(Stored records)
★ ★ ★ ★ ★

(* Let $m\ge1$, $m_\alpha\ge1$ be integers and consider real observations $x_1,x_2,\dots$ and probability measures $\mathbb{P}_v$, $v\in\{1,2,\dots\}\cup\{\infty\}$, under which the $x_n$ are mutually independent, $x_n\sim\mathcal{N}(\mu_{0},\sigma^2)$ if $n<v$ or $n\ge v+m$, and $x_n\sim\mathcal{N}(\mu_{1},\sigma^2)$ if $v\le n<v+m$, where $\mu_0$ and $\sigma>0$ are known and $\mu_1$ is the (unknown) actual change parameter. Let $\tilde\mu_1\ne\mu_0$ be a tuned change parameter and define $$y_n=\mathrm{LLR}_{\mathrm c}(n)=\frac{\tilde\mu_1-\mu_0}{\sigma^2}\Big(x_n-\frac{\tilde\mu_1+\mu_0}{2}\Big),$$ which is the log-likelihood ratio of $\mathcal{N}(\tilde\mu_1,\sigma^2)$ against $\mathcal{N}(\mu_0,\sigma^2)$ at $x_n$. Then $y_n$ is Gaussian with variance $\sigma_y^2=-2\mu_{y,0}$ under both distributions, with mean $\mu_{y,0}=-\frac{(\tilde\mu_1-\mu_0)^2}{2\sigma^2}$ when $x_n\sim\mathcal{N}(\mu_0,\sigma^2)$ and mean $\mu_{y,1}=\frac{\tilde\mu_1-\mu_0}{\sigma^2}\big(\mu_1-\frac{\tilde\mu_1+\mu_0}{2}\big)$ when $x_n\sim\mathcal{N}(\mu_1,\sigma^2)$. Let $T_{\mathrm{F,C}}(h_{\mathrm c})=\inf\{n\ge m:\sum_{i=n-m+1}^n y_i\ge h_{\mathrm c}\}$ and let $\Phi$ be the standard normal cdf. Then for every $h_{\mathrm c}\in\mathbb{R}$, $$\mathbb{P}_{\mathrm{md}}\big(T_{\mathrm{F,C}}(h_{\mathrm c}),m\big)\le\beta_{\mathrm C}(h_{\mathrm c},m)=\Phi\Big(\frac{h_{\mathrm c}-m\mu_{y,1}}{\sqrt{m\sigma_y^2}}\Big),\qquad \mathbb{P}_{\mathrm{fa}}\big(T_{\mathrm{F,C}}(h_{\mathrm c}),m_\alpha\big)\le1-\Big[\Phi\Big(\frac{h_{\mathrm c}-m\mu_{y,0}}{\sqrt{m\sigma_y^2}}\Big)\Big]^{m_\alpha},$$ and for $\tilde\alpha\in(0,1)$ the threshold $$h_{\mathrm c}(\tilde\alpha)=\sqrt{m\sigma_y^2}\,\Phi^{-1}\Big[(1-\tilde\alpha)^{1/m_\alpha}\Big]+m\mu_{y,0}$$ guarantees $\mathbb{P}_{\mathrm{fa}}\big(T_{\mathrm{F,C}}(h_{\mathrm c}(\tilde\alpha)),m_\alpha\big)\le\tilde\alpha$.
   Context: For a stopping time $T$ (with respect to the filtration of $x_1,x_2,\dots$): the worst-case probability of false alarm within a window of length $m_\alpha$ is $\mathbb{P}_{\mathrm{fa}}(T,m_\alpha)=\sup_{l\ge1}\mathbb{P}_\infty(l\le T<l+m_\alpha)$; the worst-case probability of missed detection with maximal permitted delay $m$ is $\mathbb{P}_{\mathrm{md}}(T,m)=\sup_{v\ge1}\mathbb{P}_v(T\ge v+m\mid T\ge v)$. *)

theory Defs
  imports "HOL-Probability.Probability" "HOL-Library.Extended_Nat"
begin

★ ★ ★ ★ ★

Give again the closing portion of the entries, from the line with "theory Defs" through the last line. Keep it exact and add nothing.

* **Answer area**
theory Defs
  imports "HOL-Probability.Probability" "HOL-Library.Extended_Nat"
begin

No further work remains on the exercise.